ACTION ITEM: Word for word, restate the entries that follow.

EXTRACTED RECORDS:
lemma Pi_moves_at:
  assumes om: "in_Omega L n w" and j: "j < L"
  shows "map (apsnd Pi) (moves_at L n p q w j) = asep_moves_at L p q (Pi w) j"
proof -
  have len: "length w = L" using om by (simp add: in_Omega_def)
  let ?r = "(j + 1) mod L" and ?l = "(j + L - 1) mod L"
  have rL: "?r < L" and lL: "?l < L" using j by auto
  show ?thesis
  proof (cases "w ! j")
    case (Hl i)
    then show ?thesis using j len by (simp add: moves_at_def asep_moves_at_def Pi_nth)
  next
    case (Pt k)
    have "Pi w ! j = APt k" using Pt j len by (simp add: Pi_nth)
    then show ?thesis
      using Pt rL lL len j in_Omega_prev_particle[OF om j Pt] in_Omega_next_particle[OF om j Pt]
        Pi_t2[OF len j Pt] Pi_t4[OF len j Pt]
      by (cases "w ! ?r"; cases "w ! ?l")
        (simp_all add: moves_at_def asep_moves_at_def Pi_nth Pi_swp)
  qed
qed

lemma Pi_moves:
  assumes "in_Omega L n w"
  shows "map (apsnd Pi) (moves L n p q w)
    = concat (map (asep_moves_at L p q (Pi w)) [0..<L])"
  unfolding moves_def map_concat map_map
  by (rule arg_cong[where f = concat], rule map_cong) (auto simp: Pi_moves_at[OF assms])

lemma filter_map_apsnd:
  "[fst m. m \<leftarrow> xs, f (snd m) = y] = [fst m. m \<leftarrow> map (apsnd f) xs, snd m = y]"
  by (induction xs) auto
lemma barycentric_negative_weight_inner_diff_diff_nonpos:
  fixes P :: "nat \<Rightarrow> 'a::real_inner"
  assumes "is_barycentric P m c l"
    and "\<forall>i\<in>{1..m}. l i \<noteq> 0 \<longrightarrow> dist (P i) c = r" "dist a c = r" "dist b c = r"
    and "j \<in> {1..m}" "l j < 0" "\<forall>i\<in>{1..m} - {j}. l i * inner (P i - a) (P i - b) \<le> 0"
  shows "inner (P j - a) (P j - b) \<le> 0"
proof -
  have "0 \<le> (\<Sum>i=1..m. l i * inner (P i - a) (P i - b))"
    using barycentric_inner_diff_diff_nonneg[OF assms(1-4)] .
  also have "\<dots> = l j * inner (P j - a) (P j - b) + (\<Sum>i\<in>{1..m} - {j}. l i * inner (P i - a) (P i - b))"
    using assms(5) by (simp add: sum.remove)
  also have "\<dots> \<le> l j * inner (P j - a) (P j - b)"
    using sum_nonpos[of "{1..m} - {j}" "\<lambda>i. l i * inner (P i - a) (P i - b)"] assms(7)
    by (simp add: Ball_def)
  finally show ?thesis
    using assms(6) by (simp add: zero_le_mult_iff)
qed

lemma barycentric_unique:
  assumes "general_position P m" "is_barycentric P m Q l" "is_barycentric P m Q l'"
    and "i \<in> {1..m}"
  shows "l i = l' i"
proof -
  define d where "d j = l j - l' j" for j
  have split: "{1..m} = insert 1 {2..m}"
    using assms(4) by auto
  have "(\<Sum>j=1..m. d j) = 0" "(\<Sum>j=1..m. d j *\<^sub>R P j) = 0"
    using assms(2,3) unfolding is_barycentric_def d_def
    by (simp_all add: sum_subtractf scaleR_left_diff_distrib)
  then have sum_d: "d 1 + (\<Sum>j=2..m. d j) = 0"
    and comb_d: "d 1 *\<^sub>R P 1 + (\<Sum>j=2..m. d j *\<^sub>R P j) = 0"
    unfolding split by simp_all
  have "(\<Sum>j=2..m. d j *\<^sub>R (P j - P 1)) = (\<Sum>j=2..m. d j *\<^sub>R P j) - (\<Sum>j=2..m. d j) *\<^sub>R P 1"
    by (simp add: scaleR_diff_right sum_subtractf scaleR_sum_left)
  also have "\<dots> = 0"
    using sum_d comb_d
    by (metis add.commute add_diff_cancel_right' diff_0 minus_diff_eq scaleR_minus_left eq_neg_iff_add_eq_0)
  finally have "\<forall>j\<in>{2..m}. d j = 0"
    using assms(1) unfolding general_position_def by blast
  with sum_d have "\<forall>j\<in>{1..m}. d j = 0"
    unfolding split by simp
  then show ?thesis using assms(4) unfolding d_def by auto
qed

EXERCISE OUTPUT:
lemma Pi_moves_at:
  assumes om: "in_Omega L n w" and j: "j < L"
  shows "map (apsnd Pi) (moves_at L n p q w j) = asep_moves_at L p q (Pi w) j"
proof -
  have len: "length w = L" using om by (simp add: in_Omega_def)
  let ?r = "(j + 1) mod L" and ?l = "(j + L - 1) mod L"
  have rL: "?r < L" and lL: "?l < L" using j by auto
  show ?thesis
  proof (cases "w ! j")
    case (Hl i)
    then show ?thesis using j len by (simp add: moves_at_def asep_moves_at_def Pi_nth)
  next
    case (Pt k)
    have "Pi w ! j = APt k" using Pt j len by (simp add: Pi_nth)
    then show ?thesis
      using Pt rL lL len j in_Omega_prev_particle[OF om j Pt] in_Omega_next_particle[OF om j Pt]
        Pi_t2[OF len j Pt] Pi_t4[OF len j Pt]
      by (cases "w ! ?r"; cases "w ! ?l")
        (simp_all add: moves_at_def asep_moves_at_def Pi_nth Pi_swp)
  qed
qed

lemma Pi_moves:
  assumes "in_Omega L n w"
  shows "map (apsnd Pi) (moves L n p q w)
    = concat (map (asep_moves_at L p q (Pi w)) [0..<L])"
  unfolding moves_def map_concat map_map
  by (rule arg_cong[where f = concat], rule map_cong) (auto simp: Pi_moves_at[OF assms])

lemma filter_map_apsnd:
  "[fst m. m \<leftarrow> xs, f (snd m) = y] = [fst m. m \<leftarrow> map (apsnd f) xs, snd m = y]"
  by (induction xs) auto
lemma barycentric_negative_weight_inner_diff_diff_nonpos:
  fixes P :: "nat \<Rightarrow> 'a::real_inner"
  assumes "is_barycentric P m c l"
    and "\<forall>i\<in>{1..m}. l i \<noteq> 0 \<longrightarrow> dist (P i) c = r" "dist a c = r" "dist b c = r"
    and "j \<in> {1..m}" "l j < 0" "\<forall>i\<in>{1..m} - {j}. l i * inner (P i - a) (P i - b) \<le> 0"
  shows "inner (P j - a) (P j - b) \<le> 0"
proof -
  have "0 \<le> (\<Sum>i=1..m. l i * inner (P i - a) (P i - b))"
    using barycentric_inner_diff_diff_nonneg[OF assms(1-4)] .
  also have "\<dots> = l j * inner (P j - a) (P j - b) + (\<Sum>i\<in>{1..m} - {j}. l i * inner (P i - a) (P i - b))"
    using assms(5) by (simp add: sum.remove)
  also have "\<dots> \<le> l j * inner (P j - a) (P j - b)"
    using sum_nonpos[of "{1..m} - {j}" "\<lambda>i. l i * inner (P i - a) (P i - b)"] assms(7)
    by (simp add: Ball_def)
  finally show ?thesis
    using assms(6) by (simp add: zero_le_mult_iff)
qed

lemma barycentric_unique:
  assumes "general_position P m" "is_barycentric P m Q l" "is_barycentric P m Q l'"
    and "i \<in> {1..m}"
  shows "l i = l' i"
proof -
  define d where "d j = l j - l' j" for j
  have split: "{1..m} = insert 1 {2..m}"
    using assms(4) by auto
  have "(\<Sum>j=1..m. d j) = 0" "(\<Sum>j=1..m. d j *\<^sub>R P j) = 0"
    using assms(2,3) unfolding is_barycentric_def d_def
    by (simp_all add: sum_subtractf scaleR_left_diff_distrib)
  then have sum_d: "d 1 + (\<Sum>j=2..m. d j) = 0"
    and comb_d: "d 1 *\<^sub>R P 1 + (\<Sum>j=2..m. d j *\<^sub>R P j) = 0"
    unfolding split by simp_all
  have "(\<Sum>j=2..m. d j *\<^sub>R (P j - P 1)) = (\<Sum>j=2..m. d j *\<^sub>R P j) - (\<Sum>j=2..m. d j) *\<^sub>R P 1"
    by (simp add: scaleR_diff_right sum_subtractf scaleR_sum_left)
  also have "\<dots> = 0"
    using sum_d comb_d
    by (metis add.commute add_diff_cancel_right' diff_0 minus_diff_eq scaleR_minus_left eq_neg_iff_add_eq_0)
  finally have "\<forall>j\<in>{2..m}. d j = 0"
    using assms(1) unfolding general_position_def by blast
  with sum_d have "\<forall>j\<in>{1..m}. d j = 0"
    unfolding split by simp
  then show ?thesis using assms(4) unfolding d_def by auto
qed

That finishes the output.